As if skyrocketing RAM prices wasn’t enough, Kingston’s Datacentre SSD Business Manager Cameron Crandall says to expect rising SSD costs throughout 2026, confirming what we already feared. Why? Crandall, who has worked at Kingston for 29 years, says the company is experiencing NAND wafer price spikes the likes of which have never been seen before.
In conversation with Mark Hachman on The Full Nerd Network podcast, Crandall got specific, saying there’s been “a 246% increase in NAND pricing as compared to Q1 of 2025.” He later goes on to elaborate, “We just recently saw a 70% increase in NAND costs over… I think it was a 60-day period. So, that 250% I mentioned earlier—70% of that was increased within the last 60 days.”
As NAND flash chips make up about 90% of a single SSD’s Bill of Materials cost, that’s an especially eye-watering uptick for both businesses and general consumers alike. As such, Crandall offers a word of advice to anyone considering upgrading their rig’s storage: “Do it now and [don’t] wait, because prices are going to continue to go up.”
In other words, we’ve yet to see just how high SSD prices can go. Crandall goes on to say, “[If you want to pick up] an alternative storage solution [like an external SSD], you know, yeah, you might be able to reduce some cost. But if you want to have a native SSD plugged into your M.2 socket, my advice today would be to not hold off on that purchase because it will be more expensive 30 days from now, and more than likely it’ll be more expensive 30 days after that.”
We already know that memory pricing is dire, with Framework, Acer, Asus, Lenovo, HP, and Dell all either having raised their prices or looking to do so very soon. Research also points towards both RAM and SSDs spiking in price next year. Crandall’s comments simply further confirm that 2026 will likely be a very expensive year. Panic-buying in what remains of 2025 probably isn’t the best strategy, though.
SSDs are mostly NAND flash chips underneath the heatsink or sticker. (Image credit: Future)
Crandall sums up how we got here succinctly, too, saying, “Big data centres don’t want to get caught without resources to be able to offer to their customer base to run AI workloads. So, there’s been a big pull in of high-capacity SSDs, lots of DRAM, in order to support that. And what that has caused is a worldwide shortage in other markets and even hyper-scale. But it’s a trickle-down effect into the B2B and consumer space.” Couldn’t have said it better ourselves.
But besides hoovering up all the system memory and storage it can, AI could cause yet another turn in the market for manufacturers and distributors to weather. Crandall posits, “I hate to call it a bubble, but if there is an AI bubble and we go into a massive oversupply…it’s not impossible to have a situation where spending stops, consumption stops, and now there’s a flood of DRAM and NAND in the marketplace.
“Maybe a company like Kingston is sitting now on very, very expensive inventory that we bought up right [before] a turn in the market.

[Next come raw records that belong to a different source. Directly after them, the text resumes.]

(* Let $G$ be a cubic graph of order $n\ge 6$ and $A$ a cubic graph of order $4r$ ($r$ a positive integer). Then for any graph $G\circ A^-$, \[c_2(G\circ A^-)-\left\lceil\frac{|V(G\circ A^-)|+2}{4}\right\rceil\ge\left\lfloor\frac{n-2}{4}\right\rfloor.\]
   Context: Let $G$ and $A$ be $3$-regular graphs, let $a$ be a vertex of $A$ and $A^-=A-a$. A graph $G\circ A^-$ is any graph obtained by replacing each vertex $v$ of $G$ by a copy $A^-_v$ of $A^-$ and, for each edge $uv$ of $G$, adding an edge joining a vertex of degree $2$ of $A^-_u$ to a vertex of degree $2$ of $A^-_v$, so that each degree-$2$ vertex of each copy is incident with exactly one added edge (the choices of $a$ and of these edges are arbitrary). For a graph $H=(V,E)$ and $S_0\subseteq V$, the irreversible $2$-threshold conversion process sets $S_t=S_{t-1}\cup\{v: v \text{ has at least } 2 \text{ neighbours in } S_{t-1}\}$ for $t\ge1$; $S_0$ is a $2$-conversion set if $S_t=V$ for some $t$, and $c_2(H)$ is the minimum size of a $2$-conversion set. *)

theory Defs
  imports Complex_Main
begin

definition simple_graph :: "'a set \<Rightarrow> ('a \<Rightarrow> 'a \<Rightarrow> bool) \<Rightarrow> bool" where
  "simple_graph V E \<longleftrightarrow> finite V \<and> (\<forall>x y. E x y \<longrightarrow> x \<in> V \<and> y \<in> V)
     \<and> (\<forall>x y. E x y \<longrightarrow> E y x) \<and> (\<forall>x. \<not> E x x)"

definition nbrs :: "('a \<Rightarrow> 'a \<Rightarrow> bool) \<Rightarrow> 'a \<Rightarrow> 'a set" where
  "nbrs E v = {w. E v w}"

definition cubic :: "'a set \<Rightarrow> ('a \<Rightarrow> 'a \<Rightarrow> bool) \<Rightarrow> bool" where
  "cubic V E \<longleftrightarrow> simple_graph V E \<and> (\<forall>v\<in>V. card (nbrs E v) = 3)"

definition conv_step :: "'a set \<Rightarrow> ('a \<Rightarrow> 'a \<Rightarrow> bool) \<Rightarrow> 'a set \<Rightarrow> 'a set" where
  "conv_step V E S = S \<union> {v \<in> V. card (nbrs E v \<inter> S) \<ge> 2}"

definition is_2conv_set :: "'a set \<Rightarrow> ('a \<Rightarrow> 'a \<Rightarrow> bool) \<Rightarrow> 'a set \<Rightarrow> bool" where
  "is_2conv_set V E S0 \<longleftrightarrow> S0 \<subseteq> V \<and> (\<exists>t. (conv_step V E ^^ t) S0 = V)"

definition c2 :: "'a set \<Rightarrow> ('a \<Rightarrow> 'a \<Rightarrow> bool) \<Rightarrow> nat" where
  "c2 V E = (LEAST k. \<exists>S. is_2conv_set V E S \<and> card S = k)"

text \<open>H (on vertex set VG \<times> (VA - {a})) is a graph G \<circ> A^- built with removed vertex a:
  each copy {v} \<times> (VA - {a}) induces A - a; added edges only join degree-2 vertices
  (neighbours of a in A) of copies u, v with uv an edge of G; for each edge uv of G
  exactly one added edge joins the two copies; and each degree-2 vertex of each copy
  is incident with exactly one added edge.\<close>
definition is_comp_graph ::
  "'g set \<Rightarrow> ('g \<Rightarrow> 'g \<Rightarrow> bool) \<Rightarrow> 'b set \<Rightarrow> ('b \<Rightarrow> 'b \<Rightarrow> bool) \<Rightarrow> 'b
    \<Rightarrow> ('g \<times> 'b \<Rightarrow> 'g \<times> 'b \<Rightarrow> bool) \<Rightarrow> bool" where
  "is_comp_graph VG EG VA EA a H \<longleftrightarrow>
     a \<in> VA \<and>
     (\<forall>p q. H p q \<longrightarrow> p \<in> VG \<times> (VA - {a}) \<and> q \<in> VG \<times> (VA - {a})) \<and>
     (\<forall>p q. H p q \<longrightarrow> H q p) \<and>
     (\<forall>v\<in>VG. \<forall>x\<in>VA - {a}. \<forall>y\<in>VA - {a}. H (v, x) (v, y) \<longleftrightarrow> EA x y) \<and>
     (\<forall>u v x y. u \<noteq> v \<longrightarrow> H (u, x) (v, y) \<longrightarrow> EG u v \<and> EA a x \<and> EA a y) \<and>
     (\<forall>u v. EG u v \<longrightarrow> (\<exists>!(x, y). H (u, x) (v, y))) \<and>
     (\<forall>u\<in>VG. \<forall>x. EA a x \<longrightarrow> (\<exists>!(v, y). v \<noteq> u \<and> H (u, x) (v, y)))"

end

(*
  A non-seed vertex is converted when two of its neighbours already are, so in a graph of
  maximum degree 3 it has at most one neighbour converted at the same time or later. Ranking
  the non-seed vertices F of one copy of A - a by conversion time, the subgraph induced on F
  is therefore a forest. Counting the 3 |F| edge ends at F in A (at most 2 |F| - 2 inside F,
  at most 3 |S| towards the seeds S of the copy, at most 3 towards a) gives |F| <= 3 |S| + 1,
  and since |F| + |S| = 4r - 1 every copy contains at least r seeds. Hence
  c2 >= nr = ceil((n (4r - 1) + 2) / 4) + floor((n - 2) / 4).
*)
theory Submission
  imports Defs
begin

text \<open>The LEAST is junk for vertices that are never converted.\<close>
definition conv_time :: "'a set \<Rightarrow> ('a \<Rightarrow> 'a \<Rightarrow> bool) \<Rightarrow> 'a set \<Rightarrow> 'a \<Rightarrow> nat" where
  "conv_time V E S p = (LEAST t. p \<in> (conv_step V E ^^ t) S)"

lemma conv_time_le:
  "p \<in> (conv_step V E ^^ t) S \<Longrightarrow> conv_time V E S p \<le> t"
  unfolding conv_time_def by (rule Least_le)

lemma mem_conv_step_funpow_conv_time:
  assumes "is_2conv_set V E S" and "p \<in> V"
  shows "p \<in> (conv_step V E ^^ conv_time V E S p) S"
proof -
  obtain T where "(conv_step V E ^^ T) S = V"
    using assms(1) by (auto simp: is_2conv_set_def)
  then have "\<exists>t. p \<in> (conv_step V E ^^ t) S"
    using assms(2) by auto
  then show ?thesis
    unfolding conv_time_def by (rule LeastI_ex)
qed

So, we’ve got to be very cautious in how we manage inventory in times like this.”
As for Kingston itself in the here and now, the company isn’t going to do a Micron, with Crandall stating, “We have no plans to exit the client market.” Kingston is also apparently not one of the many sources “feeding hyperscale data centres with SSDs,” not that that will count for much—the memory apocalypse will spare no one.